Exercise requirements →
In the listing below, a line holding "mat) (hcat (0\<^sub>m n ng) (0\<^sub>m n dn)))" and a line holding "carrier_mat (n + (dn" mark the range. Retype both exactly, with all lines between them.

Data supplied →
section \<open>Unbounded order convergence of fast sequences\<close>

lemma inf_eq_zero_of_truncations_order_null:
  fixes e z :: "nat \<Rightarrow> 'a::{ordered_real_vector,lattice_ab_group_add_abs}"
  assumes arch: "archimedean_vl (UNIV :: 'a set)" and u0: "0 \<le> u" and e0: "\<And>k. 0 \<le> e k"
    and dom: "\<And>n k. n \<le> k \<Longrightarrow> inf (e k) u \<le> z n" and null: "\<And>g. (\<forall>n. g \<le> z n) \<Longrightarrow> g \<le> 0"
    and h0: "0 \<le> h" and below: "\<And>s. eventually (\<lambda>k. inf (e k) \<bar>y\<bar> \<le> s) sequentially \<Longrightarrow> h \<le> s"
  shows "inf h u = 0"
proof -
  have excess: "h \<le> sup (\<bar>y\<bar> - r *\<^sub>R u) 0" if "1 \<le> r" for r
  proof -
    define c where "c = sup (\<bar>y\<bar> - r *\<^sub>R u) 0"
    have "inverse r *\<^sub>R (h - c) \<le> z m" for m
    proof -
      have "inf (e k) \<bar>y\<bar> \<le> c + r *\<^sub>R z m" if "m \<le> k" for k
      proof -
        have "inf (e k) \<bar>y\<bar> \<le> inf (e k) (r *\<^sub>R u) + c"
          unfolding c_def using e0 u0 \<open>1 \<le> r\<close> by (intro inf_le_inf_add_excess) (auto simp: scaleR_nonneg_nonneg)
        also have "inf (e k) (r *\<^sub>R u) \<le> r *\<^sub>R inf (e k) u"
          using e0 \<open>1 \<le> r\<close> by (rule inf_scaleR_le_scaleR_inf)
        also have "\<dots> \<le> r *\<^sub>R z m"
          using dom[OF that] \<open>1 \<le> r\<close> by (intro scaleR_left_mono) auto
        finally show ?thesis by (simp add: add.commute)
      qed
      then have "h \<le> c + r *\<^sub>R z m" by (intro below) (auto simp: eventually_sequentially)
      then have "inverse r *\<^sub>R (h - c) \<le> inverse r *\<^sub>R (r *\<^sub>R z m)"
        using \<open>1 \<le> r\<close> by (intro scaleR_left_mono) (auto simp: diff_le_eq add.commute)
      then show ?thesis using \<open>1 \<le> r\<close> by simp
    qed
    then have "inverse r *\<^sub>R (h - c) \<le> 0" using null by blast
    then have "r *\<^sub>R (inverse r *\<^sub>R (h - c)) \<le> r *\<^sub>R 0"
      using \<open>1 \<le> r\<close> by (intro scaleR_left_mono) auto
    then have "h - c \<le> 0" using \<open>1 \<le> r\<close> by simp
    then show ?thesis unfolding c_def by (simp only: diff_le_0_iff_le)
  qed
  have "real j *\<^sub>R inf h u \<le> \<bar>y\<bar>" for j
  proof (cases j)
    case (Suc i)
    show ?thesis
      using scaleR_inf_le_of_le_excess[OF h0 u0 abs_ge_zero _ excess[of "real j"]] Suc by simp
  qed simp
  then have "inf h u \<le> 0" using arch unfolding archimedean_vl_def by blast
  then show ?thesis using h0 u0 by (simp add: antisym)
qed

---

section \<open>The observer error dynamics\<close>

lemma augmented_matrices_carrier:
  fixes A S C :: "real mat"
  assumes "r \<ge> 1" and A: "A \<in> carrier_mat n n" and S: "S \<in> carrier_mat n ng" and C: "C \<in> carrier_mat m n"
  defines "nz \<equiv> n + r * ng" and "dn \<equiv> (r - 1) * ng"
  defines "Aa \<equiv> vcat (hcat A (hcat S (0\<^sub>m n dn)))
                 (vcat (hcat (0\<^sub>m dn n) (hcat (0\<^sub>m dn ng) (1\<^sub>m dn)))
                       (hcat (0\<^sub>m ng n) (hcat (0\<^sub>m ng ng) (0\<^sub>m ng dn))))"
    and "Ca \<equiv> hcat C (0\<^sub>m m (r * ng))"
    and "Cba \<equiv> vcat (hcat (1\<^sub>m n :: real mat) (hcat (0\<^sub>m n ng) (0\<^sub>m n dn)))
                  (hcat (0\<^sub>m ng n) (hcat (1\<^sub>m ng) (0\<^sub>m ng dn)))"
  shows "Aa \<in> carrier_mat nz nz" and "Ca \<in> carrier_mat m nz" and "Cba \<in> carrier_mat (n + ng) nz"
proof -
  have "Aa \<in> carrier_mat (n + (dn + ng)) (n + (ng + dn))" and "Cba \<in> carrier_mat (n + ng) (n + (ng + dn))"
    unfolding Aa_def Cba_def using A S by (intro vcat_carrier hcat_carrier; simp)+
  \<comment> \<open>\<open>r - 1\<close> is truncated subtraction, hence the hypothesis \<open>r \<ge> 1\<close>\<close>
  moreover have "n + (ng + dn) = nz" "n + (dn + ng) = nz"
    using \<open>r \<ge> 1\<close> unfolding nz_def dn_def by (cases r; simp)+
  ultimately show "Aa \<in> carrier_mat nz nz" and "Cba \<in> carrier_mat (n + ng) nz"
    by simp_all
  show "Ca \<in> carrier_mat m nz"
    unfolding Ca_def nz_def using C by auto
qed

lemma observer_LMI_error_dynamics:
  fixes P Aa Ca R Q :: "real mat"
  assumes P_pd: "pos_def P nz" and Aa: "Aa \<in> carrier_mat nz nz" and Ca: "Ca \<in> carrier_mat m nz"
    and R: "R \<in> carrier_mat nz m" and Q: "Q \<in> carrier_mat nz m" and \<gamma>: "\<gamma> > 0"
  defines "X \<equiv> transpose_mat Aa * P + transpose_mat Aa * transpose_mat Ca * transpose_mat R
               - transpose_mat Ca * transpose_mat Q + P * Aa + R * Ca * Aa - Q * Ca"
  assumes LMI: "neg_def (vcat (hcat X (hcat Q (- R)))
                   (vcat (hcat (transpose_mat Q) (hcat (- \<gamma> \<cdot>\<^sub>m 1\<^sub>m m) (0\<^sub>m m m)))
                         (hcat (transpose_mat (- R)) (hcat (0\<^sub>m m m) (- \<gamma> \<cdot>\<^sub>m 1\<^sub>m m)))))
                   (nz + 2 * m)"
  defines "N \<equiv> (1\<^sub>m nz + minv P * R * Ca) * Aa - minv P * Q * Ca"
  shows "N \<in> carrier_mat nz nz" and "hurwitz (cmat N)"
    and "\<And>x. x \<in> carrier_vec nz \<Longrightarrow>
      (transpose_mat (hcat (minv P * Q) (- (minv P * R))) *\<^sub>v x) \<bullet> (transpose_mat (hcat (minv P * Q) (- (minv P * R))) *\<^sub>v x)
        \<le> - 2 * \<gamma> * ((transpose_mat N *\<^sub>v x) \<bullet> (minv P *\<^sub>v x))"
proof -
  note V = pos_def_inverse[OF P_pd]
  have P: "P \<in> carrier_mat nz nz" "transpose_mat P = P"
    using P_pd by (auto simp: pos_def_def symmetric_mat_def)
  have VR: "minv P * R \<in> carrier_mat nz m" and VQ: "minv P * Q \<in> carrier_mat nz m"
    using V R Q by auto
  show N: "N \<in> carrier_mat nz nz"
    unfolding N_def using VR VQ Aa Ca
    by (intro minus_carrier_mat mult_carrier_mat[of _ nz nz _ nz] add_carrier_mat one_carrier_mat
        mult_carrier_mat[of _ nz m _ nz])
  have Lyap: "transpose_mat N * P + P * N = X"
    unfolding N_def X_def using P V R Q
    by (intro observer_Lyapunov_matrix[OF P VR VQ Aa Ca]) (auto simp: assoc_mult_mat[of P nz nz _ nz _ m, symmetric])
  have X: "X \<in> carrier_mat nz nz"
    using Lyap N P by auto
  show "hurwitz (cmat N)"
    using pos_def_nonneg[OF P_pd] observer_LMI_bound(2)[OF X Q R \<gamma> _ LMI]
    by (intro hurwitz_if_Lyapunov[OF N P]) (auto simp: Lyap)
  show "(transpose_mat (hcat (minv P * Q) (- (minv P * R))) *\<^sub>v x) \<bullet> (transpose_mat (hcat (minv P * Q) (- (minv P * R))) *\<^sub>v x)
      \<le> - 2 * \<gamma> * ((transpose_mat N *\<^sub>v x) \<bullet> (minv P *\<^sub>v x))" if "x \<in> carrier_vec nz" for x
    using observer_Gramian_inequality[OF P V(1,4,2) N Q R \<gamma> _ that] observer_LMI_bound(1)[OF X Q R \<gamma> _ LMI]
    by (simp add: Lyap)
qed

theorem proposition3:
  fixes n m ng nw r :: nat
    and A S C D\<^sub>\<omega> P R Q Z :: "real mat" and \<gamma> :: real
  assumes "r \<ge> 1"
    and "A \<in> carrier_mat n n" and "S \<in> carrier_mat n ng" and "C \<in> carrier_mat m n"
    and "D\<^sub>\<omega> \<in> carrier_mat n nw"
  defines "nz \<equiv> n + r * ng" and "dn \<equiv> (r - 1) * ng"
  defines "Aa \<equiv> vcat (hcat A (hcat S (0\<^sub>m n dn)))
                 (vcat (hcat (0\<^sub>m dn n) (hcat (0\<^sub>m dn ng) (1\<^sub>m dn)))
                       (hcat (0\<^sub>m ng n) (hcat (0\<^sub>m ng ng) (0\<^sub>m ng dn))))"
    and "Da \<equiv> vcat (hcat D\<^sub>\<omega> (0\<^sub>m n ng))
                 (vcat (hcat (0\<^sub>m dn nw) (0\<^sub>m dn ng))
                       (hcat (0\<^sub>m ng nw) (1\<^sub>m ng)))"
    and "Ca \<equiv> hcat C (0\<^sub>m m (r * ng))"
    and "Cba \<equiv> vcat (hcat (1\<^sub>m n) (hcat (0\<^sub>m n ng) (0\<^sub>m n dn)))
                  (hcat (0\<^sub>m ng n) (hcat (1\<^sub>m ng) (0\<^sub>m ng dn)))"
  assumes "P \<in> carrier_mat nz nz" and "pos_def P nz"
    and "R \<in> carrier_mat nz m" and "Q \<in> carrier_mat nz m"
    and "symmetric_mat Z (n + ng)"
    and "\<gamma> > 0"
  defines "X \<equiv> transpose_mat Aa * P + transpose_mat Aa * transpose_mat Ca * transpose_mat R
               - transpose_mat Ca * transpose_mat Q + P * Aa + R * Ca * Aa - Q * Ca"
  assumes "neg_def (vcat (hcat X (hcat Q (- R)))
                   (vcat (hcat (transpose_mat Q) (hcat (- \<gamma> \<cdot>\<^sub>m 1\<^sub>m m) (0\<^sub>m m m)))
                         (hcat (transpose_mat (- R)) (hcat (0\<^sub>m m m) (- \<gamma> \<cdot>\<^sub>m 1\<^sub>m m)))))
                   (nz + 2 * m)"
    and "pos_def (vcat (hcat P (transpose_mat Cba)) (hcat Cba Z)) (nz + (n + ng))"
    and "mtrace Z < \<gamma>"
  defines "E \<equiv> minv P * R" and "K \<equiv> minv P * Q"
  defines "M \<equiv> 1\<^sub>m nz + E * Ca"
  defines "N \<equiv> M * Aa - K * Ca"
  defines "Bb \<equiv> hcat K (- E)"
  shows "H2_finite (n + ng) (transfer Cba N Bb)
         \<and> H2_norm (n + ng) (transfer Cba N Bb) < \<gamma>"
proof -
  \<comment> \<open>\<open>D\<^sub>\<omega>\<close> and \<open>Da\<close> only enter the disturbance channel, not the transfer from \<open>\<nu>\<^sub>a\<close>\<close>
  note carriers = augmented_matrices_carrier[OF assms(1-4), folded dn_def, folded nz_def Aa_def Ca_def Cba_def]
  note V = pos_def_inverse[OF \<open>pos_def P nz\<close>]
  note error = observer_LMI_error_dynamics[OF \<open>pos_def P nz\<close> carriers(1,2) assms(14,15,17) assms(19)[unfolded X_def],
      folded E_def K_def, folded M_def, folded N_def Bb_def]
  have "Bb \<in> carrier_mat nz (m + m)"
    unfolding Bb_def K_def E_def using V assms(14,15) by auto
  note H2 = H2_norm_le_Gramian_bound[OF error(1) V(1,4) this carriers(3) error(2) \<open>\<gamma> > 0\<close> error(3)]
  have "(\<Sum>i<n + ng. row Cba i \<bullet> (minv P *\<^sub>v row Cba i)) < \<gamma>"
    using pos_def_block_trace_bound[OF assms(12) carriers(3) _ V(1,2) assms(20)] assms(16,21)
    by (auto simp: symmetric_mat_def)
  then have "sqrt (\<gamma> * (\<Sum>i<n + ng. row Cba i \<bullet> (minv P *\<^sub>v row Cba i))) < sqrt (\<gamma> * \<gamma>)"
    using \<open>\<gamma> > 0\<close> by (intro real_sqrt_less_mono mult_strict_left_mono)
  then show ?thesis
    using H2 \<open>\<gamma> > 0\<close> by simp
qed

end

Answer space →
    and "Cba \<equiv> vcat (hcat (1\<^sub>m n :: real mat) (hcat (0\<^sub>m n ng) (0\<^sub>m n dn)))
                  (hcat (0\<^sub>m ng n) (hcat (1\<^sub>m ng) (0\<^sub>m ng dn)))"
  shows "Aa \<in> carrier_mat nz nz" and "Ca \<in> carrier_mat m nz" and "Cba \<in> carrier_mat (n + ng) nz"
proof -
  have "Aa \<in> carrier_mat (n + (dn + ng)) (n + (ng + dn))" and "Cba \<in> carrier_mat (n + ng) (n + (ng + dn))"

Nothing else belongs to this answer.